There is not, and unfortunately all these pieces of software are executables and expose no libraries (as is typical of bioinformatics, everything is done through the shell). However, bwa and samtools standardized the BAM file format, which is parsed by BioJulia’s XAM.jl. So your best bet is to shell out to these executables, then parse their output.

2 Likes

In case anyone is interested: my most efficient solution (old code would have taken ~50min, new solution does it in 90s - 10000 short strings, 17000 long strings) is the following:

  1. throw all short strings into a regex seperate by “|”
    (I couldnt fit more than 3000 short strings into one regex, so you creat e.g. 3 regex for 8000 short strings. I assume this is a bug, but it is cirmuventable)
  2. use findall.(regex, long_string[:]) where regex is constant and long_string[:] an array with all long strings you’d like to have checked.

I would have like to turn all strings into BioSequences with BioSequences.jl, but I didnt manage to find the equivalent of Regex() for biore which I’d need since all my sequences are saved as variables. I also don’t know if findall is compatible with biores as it is with “normal” regular expressions

1 Like

Findall is indeed not implemented for biosequences (though a PR implementing it was created yesterday).

2 Likes

Even standard command line tools for matching strings, like grep suffer from this.

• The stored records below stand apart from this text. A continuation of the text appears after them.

(* Let $\mathfrak g$ be a unimodular Lie algebra with a Hermitian structure $(J,g)$ and let $e$ be a unitary frame. If $D^j_{ik}=D^j_{ki}$ for all $i,j,k$, then the Chern scalar curvature satisfies $s=-\sum_{r,s,t}|D^t_{rs}|^2\le0$, with $s<0$ unless $D=0$. If $D^j_{ik}=-D^j_{ki}$ for all $i,j,k$, then $s=\sum_{r,s,t}|D^t_{rs}|^2\ge0$, with $s>0$ unless $D=0$.
   Context: Hermitian structure on a real Lie algebra $\mathfrak g$ of dimension $2n$: integrable almost complex structure $J$ and $J$-invariant inner product $g$. Unimodular: $\operatorname{tr}\mathrm{ad}_x=0$ for all $x$. $\mathfrak g^{1,0}=\{x-\sqrt{-1}Jx\}$, $g$ extended bilinearly, unitary frame $e_1,\dots,e_n$. $D^j_{ik}=g([\bar e_j,e_k],e_i)$. $R$ is the curvature of the Chern connection (unique connection preserving $J,g$ with torsion of vanishing $(1,1)$-part), $R_{i\bar jk\bar\ell}=g(R(e_i,\bar e_j)e_k,\bar e_\ell)$, and the Chern scalar curvature is $s=\sum_{i,r}R_{i\bar ir\bar r}$. *)

theory Defs
  imports "HOL-Analysis.Analysis"
begin

definition lie_algebra :: "('a::real_vector \<Rightarrow> 'a \<Rightarrow> 'a) \<Rightarrow> bool" where
  "lie_algebra br \<longleftrightarrow> bilinear br \<and> (\<forall>x y. br x y = - br y x)
     \<and> (\<forall>x y z. br x (br y z) + br y (br z x) + br z (br x y) = 0)"

definition unimodular :: "('a::euclidean_space \<Rightarrow> 'a \<Rightarrow> 'a) \<Rightarrow> bool" where
  "unimodular br \<longleftrightarrow> (\<forall>x. (\<Sum>b\<in>Basis. inner (br x b) b) = 0)"

definition integrable_acs :: "('a::real_vector \<Rightarrow> 'a \<Rightarrow> 'a) \<Rightarrow> ('a \<Rightarrow> 'a) \<Rightarrow> bool" where
  "integrable_acs br J \<longleftrightarrow> linear J \<and> (\<forall>x. J (J x) = - x)
     \<and> (\<forall>x y. br (J x) (J y) - J (br (J x) y) - J (br x (J y)) - br x y = 0)"

definition herm_metric :: "('a::real_vector \<Rightarrow> 'a \<Rightarrow> real) \<Rightarrow> ('a \<Rightarrow> 'a) \<Rightarrow> bool" where
  "herm_metric g J \<longleftrightarrow> bilinear g \<and> (\<forall>x y. g x y = g y x) \<and> (\<forall>x. x \<noteq> 0 \<longrightarrow> g x x > 0)
     \<and> (\<forall>x y. g (J x) (J y) = g x y)"

definition hermitian_lie_algebra ::
  "('a::euclidean_space \<Rightarrow> 'a \<Rightarrow> 'a) \<Rightarrow> ('a \<Rightarrow> 'a) \<Rightarrow> ('a \<Rightarrow> 'a \<Rightarrow> real) \<Rightarrow> bool" where
  "hermitian_lie_algebra br J g \<longleftrightarrow> lie_algebra br \<and> integrable_acs br J \<and> herm_metric g J"

text \<open>An element (x, y) of 'a \<times> 'a represents x + sqrt(-1) y in the complexification.\<close>

definition cconj :: "'a::real_vector \<times> 'a \<Rightarrow> 'a \<times> 'a" where
  "cconj X = (fst X, - snd X)"

definition cbil :: "('a::real_vector \<Rightarrow> 'a \<Rightarrow> 'a) \<Rightarrow> 'a \<times> 'a \<Rightarrow> 'a \<times> 'a \<Rightarrow> 'a \<times> 'a" where
  "cbil B X Y = (B (fst X) (fst Y) - B (snd X) (snd Y), B (fst X) (snd Y) + B (snd X) (fst Y))"

text \<open>Complex-bilinear extension of the real bilinear form g.\<close>

definition cform :: "('a::real_vector \<Rightarrow> 'a \<Rightarrow> real) \<Rightarrow> 'a \<times> 'a \<Rightarrow> 'a \<times> 'a \<Rightarrow> complex" where
  "cform g X Y = Complex (g (fst X) (fst Y) - g (snd X) (snd Y)) (g (fst X) (snd Y) + g (snd X) (fst Y))"

definition g10 :: "('a::real_vector \<Rightarrow> 'a) \<Rightarrow> ('a \<times> 'a) set" where
  "g10 J = {(x, - J x) | x. True}"

definition unitary_frame :: "('a::real_vector \<Rightarrow> 'a) \<Rightarrow> ('a \<Rightarrow> 'a \<Rightarrow> real) \<Rightarrow> nat \<Rightarrow> (nat \<Rightarrow> 'a \<times> 'a) \<Rightarrow> bool" where
  "unitary_frame J g n e \<longleftrightarrow> (\<forall>i<n. e i \<in> g10 J)
     \<and> (\<forall>i<n. \<forall>j<n. cform g (e i) (cconj (e j)) = (if i = j then 1 else 0))"

text \<open>D^j_{ik} = g([conj e_j, e_k], e_i).\<close>

definition Dcoef :: "('a::real_vector \<Rightarrow> 'a \<Rightarrow> 'a) \<Rightarrow> ('a \<Rightarrow> 'a \<Rightarrow> real) \<Rightarrow> (nat \<Rightarrow> 'a \<times> 'a)
    \<Rightarrow> nat \<Rightarrow> nat \<Rightarrow> nat \<Rightarrow> complex" where
  "Dcoef br g e j i k = cform g (cbil br (cconj (e j)) (e k)) (e i)"

text \<open>A (left-invariant) connection on the Lie algebra is a bilinear map
  nab with nab x y = nabla_x y.  Torsion T(x,y) = nabla_x y - nabla_y x - [x,y].\<close>

definition torsion :: "('a::real_vector \<Rightarrow> 'a \<Rightarrow> 'a) \<Rightarrow> ('a \<Rightarrow> 'a \<Rightarrow> 'a) \<Rightarrow> 'a \<Rightarrow> 'a \<Rightarrow> 'a" where
  "torsion br nab x y = nab x y - nab y x - br x y"

definition chern_connection ::
  "('a::real_vector \<Rightarrow> 'a \<Rightarrow> 'a) \<Rightarrow> ('a \<Rightarrow> 'a) \<Rightarrow> ('a \<Rightarrow> 'a \<Rightarrow> real) \<Rightarrow> ('a \<Rightarrow> 'a \<Rightarrow> 'a) \<Rightarrow> bool" where
  "chern_connection br J g nab \<longleftrightarrow> bilinear nab
     \<and> (\<forall>x y. nab x (J y) = J (nab x y))
     \<and> (\<forall>x y z. g (nab x y) z + g y (nab x z) = 0)
     \<and> (\<forall>Z\<in>g10 J. \<forall>W\<in>g10 J. cbil (torsion br nab) Z (cconj W) = (0, 0))"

Standard grep operates on unicode under most conditions, but if you restrict it to ASCII only via:

LANG=C grep ...

You can see significant speedups.

2 Likes

If I had to write such a piece of code, I would program building a tree or a state machine from the short string list identifying the end of a short string then travel through it with the long strings; probably what the aforementioned projects do. This is to try to get the most efficiency; grep might be sufficient depending on amount of data and turnaround time.